Failure of the Crestwood Member to Make a Crestwood Additional Capital Contribution. If, prior to a Conversion, the Crestwood Member fails to fund 100% of any Crestwood Additional Capital Contribution when due and fails to cure such default within three Business Days after such due date (any such failure, a “Deficiency Event”), then the Company shall promptly, but in no event later than three Business Days after the due date for such Crestwood Additional Capital Contribution, provide written notice of such failure to the Holdings Member, and the Holdings Member shall have the option, in its sole discretion and as its sole and exclusive remedy hereunder, to fund the amount of such deficiency (any such amount funded by the Holdings Member, a “Deficiency Contribution”).

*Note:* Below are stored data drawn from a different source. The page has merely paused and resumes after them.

(* Assume (A2) and (A3). Then for every stage $l\ge1$ of Method (BCV), the number of inner iterations (changes of the index $k$) is finite, i.e. after finitely many steps Step 1 finds no admissible pair and the stage ends with $z^l=x^k$.
   Context: Setting: limit problem $\min_{x\in D}f(x)$ with $D=\{x\in X:\langle a,x\rangle=\beta\}$, $X=\prod_{i=1}^n[\alpha'_i,\alpha''_i]$. Approximating problems $\min_{x\in D_l}f_l(x)$, $l=0,1,2,\dots$, with $D_l=\{x\in X_l:\langle a^l,x\rangle=\beta_l\}$, $X_l=\prod_{i=1}^n[\alpha'_{il},\alpha''_{il}]$, $a^l=(a_{1l},\dots,a_{nl})^\top$. (A2): for each $l$, $D_l\neq\varnothing$, $a_{il}>0$ and $-\infty<\alpha'_{il}<\alpha''_{il}<+\infty$ for all $i$; and $\alpha'_{il}\to\alpha'_i$, $\alpha''_{il}\to\alpha''_i$, $a^l\to a$, $\beta_l\to\beta$ as $l\to\infty$. (A3): each $f_l$ is continuously differentiable on (a neighborhood of) $X_l$, and whenever $y^l\in D_l$ and $y^l\to\bar y$, the gradients satisfy $\nabla f_l(y^l)\to\bar g$ for some $\bar g\in\partial^{\uparrow}f(\bar y)$ (Clarke generalized gradient). Notation: $g_{il}(x)=\partial f_l(x)/\partial x_i$, $h_{il}(x)=g_{il}(x)/a_{il}$; given positive sequence $\{\varepsilon_l\}$, $I_l^-(x)=\{i\in I: x_i\ge\alpha'_{il}+\varepsilon_l/a_{il}\}$, $I_l^+(x)=\{i\in I: x_i\le\alpha''_{il}-\varepsilon_l/a_{il}\}$, where $I=\{1,\dots,n\}$; $\pi_V$ is Euclidean projection onto $V$. Method (BCV): choose $z^0\in D_0$, $\sigma\in(0,1)$, $\theta\in(0,1)$, positive sequences $\delta_l\searrow0$, $\varepsilon_l\searrow0$; set $l=1$. Stage $l$: set $k=0$, $x^0=\pi_{D_l}(z^{l-1})$. Step 1: if there exist $i\in I_l^-(x^k)$, $j\in I_l^+(x^k)$ with $h_{il}(x^k)-h_{jl}(x^k)\ge\delta_l$, choose any such pair, set $i_k=i$, $j_k=j$, $\gamma_k=\min\{a_{il}(x^k_i-\alpha'_{il}),\,a_{jl}(\alpha''_{jl}-x^k_j)\}$ and go to Step 2; otherwise set $z^l=x^k$, $l:=l+1$ and start the next stage. Step 2: define $d^k$ by $d^k_i=-1/a_{il}$, $d^k_j=1/a_{jl}$, $d^k_s=0$ for $s\ne i,j$; let $m$ be the smallest nonnegative integer with $f_l(x^k+\theta^m\gamma_kd^k)\le f_l(x^k)+\sigma\theta^m\gamma_k\langle\nabla f_l(x^k),d^k\rangle$; set $\lambda_k=\theta^m\gamma_k$, $x^{k+1}=x^k+\lambda_kd^k$, $k:=k+1$, and return to Step 1. *)

theory Defs
  imports "HOL-Analysis.Analysis"
begin

text \<open>Vectors in R^n are modelled as real^'n; the index set I = {1..n} is UNIV :: 'n set.\<close>

definition feas_set :: "real^'n \<Rightarrow> real^'n \<Rightarrow> real^'n \<Rightarrow> real \<Rightarrow> (real^'n) set" where
  "feas_set lo up a b = {x. (\<forall>i. lo $ i \<le> x $ i \<and> x $ i \<le> up $ i) \<and> a \<bullet> x = b}"

definition box_set :: "real^'n \<Rightarrow> real^'n \<Rightarrow> (real^'n) set" where
  "box_set lo up = {x. \<forall>i. lo $ i \<le> x $ i \<and> x $ i \<le> up $ i}"

definition grad :: "(real^'n \<Rightarrow> real) \<Rightarrow> real^'n \<Rightarrow> real^'n" where
  "grad F x = (\<chi> i. frechet_derivative F (at x) (axis i 1))"

definition clarke_dir :: "(real^'n \<Rightarrow> real) \<Rightarrow> real^'n \<Rightarrow> real^'n \<Rightarrow> ereal" where
  "clarke_dir F x v =
     Limsup (at (x, 0) within (UNIV \<times> {0<..}))
       (\<lambda>(y, t). ereal ((F (y + t *\<^sub>R v) - F y) / t))"

definition clarke_grad :: "(real^'n \<Rightarrow> real) \<Rightarrow> real^'n \<Rightarrow> (real^'n) set" where
  "clarke_grad F x = {g. \<forall>v. ereal (g \<bullet> v) \<le> clarke_dir F x v}"

definition bcv_step ::
  "(real^'n \<Rightarrow> real) \<Rightarrow> real^'n \<Rightarrow> real^'n \<Rightarrow> real^'n \<Rightarrow> real \<Rightarrow> real \<Rightarrow> real \<Rightarrow> real
   \<Rightarrow> real^'n \<Rightarrow> real^'n \<Rightarrow> bool" where
  "bcv_step F lo up a del eps sig th x x' \<longleftrightarrow>
     (\<exists>i j.
        x $ i \<ge> lo $ i + eps / a $ i \<and>
        x $ j \<le> up $ j - eps / a $ j \<and>
        grad F x $ i / a $ i - grad F x $ j / a $ j \<ge> del \<and>
        (let \<gamma> = min (a $ i * (x $ i - lo $ i)) (a $ j * (up $ j - x $ j));
             d = (\<chi> s. if s = i then - 1 / a $ i else if s = j then 1 / a $ j else 0);
             m = (LEAST m::nat. F (x + (th ^ m * \<gamma>) *\<^sub>R d)
                     \<le> F x + sig * th ^ m * \<gamma> * (grad F x \<bullet> d))
         in x' = x + (th ^ m * \<gamma>) *\<^sub>R d))"

end

theory Submission
  imports Defs
begin

text \<open>On a compact box the gradient of a \<open>C\<^sup>1\<close> function is uniformly continuous, so the
  Armijo test of Step 2 is passed by every step length below a threshold \<open>\<eta>\<close> that does not
  depend on the current point. Since the admissibility conditions of Step 1 keep the initial step
  \<open>\<gamma>\<^sub>k\<close> above \<open>\<epsilon>\<^sub>l\<close>, every accepted step is at least \<open>min \<epsilon>\<^sub>l (\<theta> \<eta>)\<close> long and decreases
  \<open>f\<^sub>l\<close> by a fixed positive amount. The iterates stay in the box, where \<open>f\<^sub>l\<close> is bounded below,
  so there can be only finitely many of them. Only the nonemptiness of \<open>D\<^sub>l\<close>, the positivity of
  \<open>a\<^sup>l\<close> and the \<open>C\<^sup>1\<close> part of (A3) at the single stage \<open>l\<close> are used.\<close>

lemma box_set_eq_cbox: "box_set lo up = cbox lo (up::real^'n)"
  by (auto simp: box_set_def mem_box_cart)

lemma feas_set_subset_cbox: "feas_set lo up a b \<subseteq> cbox lo up"
  by (auto simp: feas_set_def mem_box_cart)

lemma closed_feas_set: "closed (feas_set lo up a b)"
proof -
  have "feas_set lo up a b = cbox lo up \<inter> {x. a \<bullet> x = b}"
    by (auto simp: feas_set_def mem_box_cart)
  then show ?thesis
    by (metis closed_Int closed_cbox closed_hyperplane)
qed

lemma grad_eq_of_has_derivative:
  assumes "(F has_derivative (\<lambda>h. g \<bullet> h)) (at x)"
  shows "grad F x = g"
proof -
  have "frechet_derivative F (at x) = (\<lambda>h. g \<bullet> h)"
    using assms frechet_derivative_at by metis
  then show ?thesis
    by (simp add: grad_def vec_eq_iff inner_axis)
qed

Immediately upon receipt of any Deficiency Contribution by the Company, the Company shall issue to the Holdings Member a number of Series B Preferred Units equal to the amount of such Deficiency Contribution divided by the Series B Preferred Unit Price. A Deficiency Event shall not relieve the Crestwood Member of its obligation to make any Crestwood Additional Capital Contributions subsequent thereto.

Appears in 2 contracts

Samples: Limited Liability Company Agreement (Crestwood Midstream Partners LP), Limited Liability Company Agreement (Crestwood Midstream Partners LP)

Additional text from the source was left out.